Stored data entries
lemma excess_ge_inflow: "\<gamma> * (1 - \<gamma>) ^ (t - 1) * (\<Sum>r<t. inflow lo r i) \<le> y t i - lo"
proof (induction t arbitrary: i)
  case (Suc t)
  have damped: "(1 - \<gamma>) * (\<gamma> * (1 - \<gamma>) ^ (t - 1) * (\<Sum>r<t. inflow lo r i))
      \<le> (1 - \<gamma>) * (y t i - lo)"
    using Suc gamma_less_1 by (intro mult_left_mono) auto
  have "(1 - \<gamma>) ^ t * inflow lo t i = (\<Sum>j\<in>UNIV. \<omega> t i j * ((1 - \<gamma>) ^ t * (y 0 j - lo)))"
    unfolding inflow_def by (simp add: sum_distrib_left algebra_simps)
  also have "\<dots> \<le> (\<Sum>j\<in>UNIV. \<omega> t i j * (y t j - lo))"
    using excess_geometric_lower_bound weight_nonneg by (intro sum_mono mult_left_mono) auto
  finally have fresh: "\<gamma> * (1 - \<gamma>) ^ t * inflow lo t i \<le> \<gamma> * (\<Sum>j\<in>UNIV. \<omega> t i j * (y t j - lo))"
    using gamma_pos by (simp add: mult.assoc mult_left_mono)
  have "\<gamma> * (1 - \<gamma>) ^ (Suc t - 1) * (\<Sum>r<Suc t. inflow lo r i)
      = (1 - \<gamma>) * (\<gamma> * (1 - \<gamma>) ^ (t - 1) * (\<Sum>r<t. inflow lo r i)) + \<gamma> * (1 - \<gamma>) ^ t * inflow lo t i"
    by (cases t) (simp_all add: algebra_simps)
  also have "\<dots> \<le> y (Suc t) i - lo"
    using damped fresh step_centered[of t i lo] by linarith
  finally show ?case .
qed (use lower_bound in simp)

end

text \<open>Applied to i and to j for the reflected dynamics, every step at which i and j carry the
  same weights contributes an inflow of exactly hi - lo to the two bounds together.\<close>
lemma spread_contraction:
  assumes lo: "\<And>k. lo \<le> y 0 k" and hi: "\<And>k. y 0 k \<le> hi"
  shows "y m j - y m i \<le> (hi - lo) * (1 - \<gamma> * (1 - \<gamma>) ^ (m - 1) * card {r. r < m \<and> \<omega> r i = \<omega> r j})"
proof -
  interpret reflected: averaging_dynamics "\<lambda>t i. - y t i" \<omega> \<gamma>
    by (rule averaging_dynamics_uminus)
  let ?c = "\<gamma> * (1 - \<gamma>) ^ (m - 1)" and ?R = "{r. r < m \<and> \<omega> r i = \<omega> r j}"
  define U where "U r = inflow lo r i + reflected.inflow (- hi) r j" for r
  have U_nonneg: "0 \<le> U r" for r
    unfolding U_def inflow_def reflected.inflow_def using lo hi weight_nonneg
    by (intro add_nonneg_nonneg sum_nonneg mult_nonneg_nonneg) auto
  have U_same: "U r = hi - lo" if "r \<in> ?R" for r
  proof -
    have "U r = (\<Sum>k\<in>UNIV. \<omega> r j k * (hi - lo))"
      using that unfolding U_def inflow_def reflected.inflow_def
      by (simp add: sum.distrib[symmetric] algebra_simps)
    then show ?thesis
      using weight_sum[of r j] by (simp add: sum_distrib_right[symmetric])
  qed
  have "card ?R * (hi - lo) = (\<Sum>r\<in>?R. U r)"
    using U_same by simp
  also have "\<dots> \<le> (\<Sum>r<m. U r)"
    using U_nonneg by (intro sum_mono2) auto
  finally have "?c * (card ?R * (hi - lo)) \<le> ?c * (\<Sum>r<m. U r)"
    using gamma_pos gamma_less_1 by (intro mult_left_mono) auto
  also have "\<dots> = ?c * (\<Sum>r<m. inflow lo r i) + ?c * (\<Sum>r<m. reflected.inflow (- hi) r j)"
    by (simp add: U_def sum.distrib algebra_simps)
  also have "\<dots> \<le> (y m i - lo) + (hi - y m j)"
    using excess_ge_inflow[OF lo, of m i] reflected.excess_ge_inflow[of "- hi" m j] hi
    by (intro add_mono) auto
  finally show ?thesis
    by (simp add: algebra_simps)
qed

end

section \<open>Diameters and batch meetings\<close>

lemma diamD_attained:
  fixes Y :: "('n::finite, 'd::finite) config"
  obtains i j where "Y i $ l = (MIN k. Y k $ l)" and "Y j $ l = (MAX k. Y k $ l)"
proof -
  have "(MIN k. Y k $ l) \<in> range (\<lambda>k. Y k $ l)"
    by (rule Min_in) simp_all
  then obtain i where "Y i $ l = (MIN k. Y k $ l)"
    by (metis (no_types, lifting) rangeE)
  moreover have "(MAX k. Y k $ l) \<in> range (\<lambda>k. Y k $ l)"
    by (rule Max_in) simp_all
  then obtain j where "Y j $ l = (MAX k. Y k $ l)"
    by (metis (no_types, lifting) rangeE)
  ultimately show ?thesis
    by (rule that)
qed

lemma abs_diff_le_diamD:
  fixes Y :: "('n::finite, 'd::finite) config"
  shows "\<bar>Y i $ l - Y j $ l\<bar> \<le> diamD Y l"
proof -
  have bounds: "(MIN k. Y k $ l) \<le> Y k $ l" "Y k $ l \<le> (MAX k. Y k $ l)" for k
    by simp_all
  show ?thesis
    unfolding diamD_def abs_le_iff using bounds[of i] bounds[of j] by (intro conjI) linarith+
qed

lemma diamD_nonneg: "0 \<le> diamD (Y :: ('n::finite, 'd::finite) config) l"
  by (rule order_trans[OF abs_ge_zero abs_diff_le_diamD])

lemma diam_inf_eq_Max_diamD:
  fixes Y :: "('n::finite, 'd::finite) config"
  shows "diam_inf Y = (MAX l. diamD Y l)"
proof (rule antisym)
  show "diam_inf Y \<le> (MAX l. diamD Y l)"
    unfolding diam_inf_def
  proof (rule Max.boundedI)
    fix v assume "v \<in> (\<lambda>ij. infnorm (Y (fst ij) - Y (snd ij))) ` UNIV"
    then obtain i j where v: "v = infnorm (Y i - Y j)"
      by auto
    show "v \<le> (MAX l. diamD Y l)"
      unfolding v infnorm_cart
    proof (rule cSup_least)
      fix x assume "x \<in> {\<bar>(Y i - Y j) $ l\<bar> |l. l \<in> UNIV}"
      then obtain l where "x = \<bar>Y i $ l - Y j $ l\<bar>"
        by auto
      moreover have "diamD Y l \<le> (MAX l. diamD Y l)"
        by (rule Max_ge) auto
      ultimately show "x \<le> (MAX l. diamD Y l)"
        using abs_diff_le_diamD[of Y i l j] by linarith
    qed auto
  qed auto
  show "(MAX l. diamD Y l) \<le> diam_inf Y"
  proof (rule Max.boundedI)
    fix v assume "v \<in> range (diamD Y)"
    then obtain l where v: "v = diamD Y l"
      by auto
    obtain i j where "Y i $ l = (MIN k. Y k $ l)" "Y j $ l = (MAX k. Y k $ l)"
      by (rule diamD_attained)
    then have "v \<le> \<bar>(Y j - Y i) $ l\<bar>"
      unfolding v diamD_def by simp
    also have "\<dots> \<le> infnorm (Y j - Y i)"
      by (rule component_le_infnorm_cart)
    also have "\<dots> \<le> diam_inf Y"
      unfolding diam_inf_def by (rule Max_ge) (auto intro!: image_eqI[of _ _ "(j, i)"])
    finally show "v \<le> diam_inf Y" .
  qed auto
qed

lemma diam_inf_le_mult:
  fixes Y Z :: "('n::finite, 'd::finite) config"
  assumes "\<And>l. diamD Y l \<le> diamD Z l * E" and "0 \<le> E"
  shows "diam_inf Y \<le> diam_inf Z * E"
  unfolding diam_inf_eq_Max_diamD
proof (rule Max.boundedI)
  fix v assume "v \<in> range (diamD Y)"
  then obtain l where "v = diamD Y l"
    by auto
  also have "\<dots> \<le> diamD Z l * E"
    by (rule assms(1))
  also have "\<dots> \<le> (MAX l. diamD Z l) * E"
    using assms(2) by (intro mult_right_mono) simp_all
  finally show "v \<le> (MAX l. diamD Z l) * E" .
qed auto

lemma batch_of_eqI:
  assumes "partition_on UNIV Q" and "S \<in> Q" and "i \<in> S"
  shows "batch_of Q i = S"
  unfolding batch_of_def
proof (rule the_equality)
  fix S' assume "S' \<in> Q \<and> i \<in> S'"
  then show "S' = S"
    using assms partition_onD2[OF assms(1)] by (meson disjnt_iff pairwiseD)
qed (use assms in simp)

lemma mem_batch_of:
  assumes "partition_on UNIV Q"
  shows "i \<in> batch_of Q i"
proof -
  obtain S where "S \<in> Q" "i \<in> S"
    using partition_onD1[OF assms] by blast
  then show ?thesis
    using batch_of_eqI[OF assms] by simp
qed

lemma partition_on_batch_partitions: "Q \<in> batch_partitions P \<Longrightarrow> partition_on UNIV Q"
  by (simp add: batch_partitions_def)

lemma Gcount_shift: "Gcount f a m = Gcount (\<lambda>r. f (a + r)) 0 m"
proof -
  have shift: "card {r. a \<le> r \<and> r < a + m \<and> p r} = card {r. 0 \<le> r \<and> r < 0 + m \<and> p (a + r)}"
    for p :: "nat \<Rightarrow> bool"
  proof -
    have "{r. a \<le> r \<and> r < a + m \<and> p r} = (+) a ` {r. 0 \<le> r \<and> r < 0 + m \<and> p (a + r)}"
      by (auto simp: image_iff elim!: le_Suc_ex[elim_format])
    then show ?thesis
      by (simp add: card_image)
  qed
  show ?thesis
    unfolding Gcount_def by (intro arg_cong[where f = Min] image_cong refl shift)
qed

lemma Gcount_cong: "(\<And>r. r < m \<Longrightarrow> f r = g r) \<Longrightarrow> Gcount f 0 m = Gcount g 0 m"
  unfolding Gcount_def by (intro arg_cong[where f = Min] image_cong refl arg_cong[where f = card]) auto

lemma Gcount_le_card: "Gcount f 0 m \<le> card {r. r < m \<and> batch_of (f r) i = batch_of (f r) j}"
  unfolding Gcount_def by (rule Min_le) (auto intro!: image_eqI[of _ _ "(i, j)"])

lemma Gcount_le: "Gcount f a m \<le> m"
proof -
  have "Gcount f a m \<le> card {r. r < m \<and> batch_of (f (a + r)) i = batch_of (f (a + r)) i}"
    unfolding Gcount_shift[of f a] by (rule Gcount_le_card)
  then show ?thesis
    by simp
qed

section \<open>Noiseless random batch CBO\<close>

locale noiseless_cbo =
  fixes w :: "'n::finite set \<Rightarrow> 'n \<Rightarrow> ('n \<Rightarrow> real^'d::finite) \<Rightarrow> real"
    and \<gamma> :: real and Bs :: "nat \<Rightarrow> 'n set set" and X0 :: "'n \<Rightarrow> real^'d"
  assumes gamma_pos: "0 < \<gamma>" and gamma_less_1: "\<gamma> < 1"
    and w_nonneg: "\<And>S j X. S \<noteq> {} \<Longrightarrow> 0 \<le> w S j X"
    and w_sum: "\<And>S X. S \<noteq> {} \<Longrightarrow> (\<Sum>j\<in>S. w S j X) = 1"
    and w_out: "\<And>S j X. S \<noteq> {} \<Longrightarrow> j \<notin> S \<Longrightarrow> w S j X = 0"
    and partition_Bs: "\<And>r. partition_on UNIV (Bs r)"
begin

abbreviation traj :: "nat \<Rightarrow> 'n \<Rightarrow> real^'d" where
  "traj \<equiv> cbo_traj w \<gamma> Bs (\<lambda>_ _ _. 0) X0"

definition weight :: "nat \<Rightarrow> 'n \<Rightarrow> 'n \<Rightarrow> real" where
  "weight t i j = w (batch_of (Bs t) i) j (traj t)"

lemma batch_nonempty: "batch_of (Bs t) i \<noteq> {}"
  using mem_batch_of[OF partition_Bs] by blast

lemma weight_sum: "(\<Sum>j\<in>UNIV. weight t i j) = 1"
proof -
  have "(\<Sum>j\<in>UNIV. weight t i j) = (\<Sum>j\<in>batch_of (Bs t) i. weight t i j)"
    by (rule sum.mono_neutral_right) (auto simp: weight_def w_out[OF batch_nonempty])
  then show ?thesis
    by (simp add: weight_def w_sum[OF batch_nonempty])
qed

lemma averaging_dynamics_traj: "averaging_dynamics (\<lambda>t i. traj (a + t) i $ l) (\<lambda>t. weight (a + t)) \<gamma>"
proof
  show "traj (a + Suc t) i $ l
      = (1 - \<gamma>) * traj (a + t) i $ l + \<gamma> * (\<Sum>j\<in>UNIV. weight (a + t) i j * traj (a + t) j $ l)" for t i
    by (simp add: weight_def cbo_step_def wmean_def sum_component algebra_simps)
qed (use gamma_pos gamma_less_1 weight_sum in \<open>auto simp: weight_def intro!: w_nonneg batch_nonempty\<close>)

lemma diamD_traj_window:
  "diamD (traj (a + m)) l \<le> diamD (traj a) l * (1 - \<gamma> * (1 - \<gamma>) ^ (m - 1) * Gcount Bs a m)"
proof -
  interpret averaging_dynamics "\<lambda>t i. traj (a + t) i $ l" "\<lambda>t. weight (a + t)" \<gamma>
    by (rule averaging_dynamics_traj)
  let ?c = "\<gamma> * (1 - \<gamma>) ^ (m - 1)"
  obtain i j where i: "traj (a + m) i $ l = (MIN k. traj (a + m) k $ l)"
    and j: "traj (a + m) j $ l = (MAX k. traj (a + m) k $ l)"
    by (rule diamD_attained)
  have "Gcount Bs a m \<le> card {r. r < m \<and> batch_of (Bs (a + r)) i = batch_of (Bs (a + r)) j}"
    unfolding Gcount_shift[of Bs a] by (rule Gcount_le_card)
  also have "\<dots> \<le> card {r. r < m \<and> weight (a + r) i = weight (a + r) j}"
    by (intro card_mono) (auto simp: weight_def)
  finally have "?c * Gcount Bs a m \<le> ?c * card {r. r < m \<and> weight (a + r) i = weight (a + r) j}"
    using gamma_pos gamma_less_1 by (intro mult_left_mono) auto
  moreover have "traj (a + m) j $ l - traj (a + m) i $ l
      \<le> diamD (traj a) l * (1 - ?c * card {r. r < m \<and> weight (a + r) i = weight (a + r) j})"
    unfolding diamD_def by (rule spread_contraction) simp_all
  ultimately show ?thesis
    unfolding diamD_def[of "traj (a + m)"] i[symmetric] j[symmetric]
    using diamD_nonneg[of "traj a" l] by (smt (verit) mult_left_mono)
qed

lemma diamD_traj_antimono: "diamD (traj (a + m)) l \<le> diamD (traj a) l"
proof -
  have "0 \<le> diamD (traj a) l * (\<gamma> * (1 - \<gamma>) ^ (m - 1) * Gcount Bs a m)"
    using gamma_pos gamma_less_1 diamD_nonneg by (intro mult_nonneg_nonneg) simp_all
  then show ?thesis
    using diamD_traj_window[of a m l] by (simp add: right_diff_distrib)
qed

# Task to complete
In the data, how many lines hold the word "interpret"? State that number alone.

# Solution to this problem
2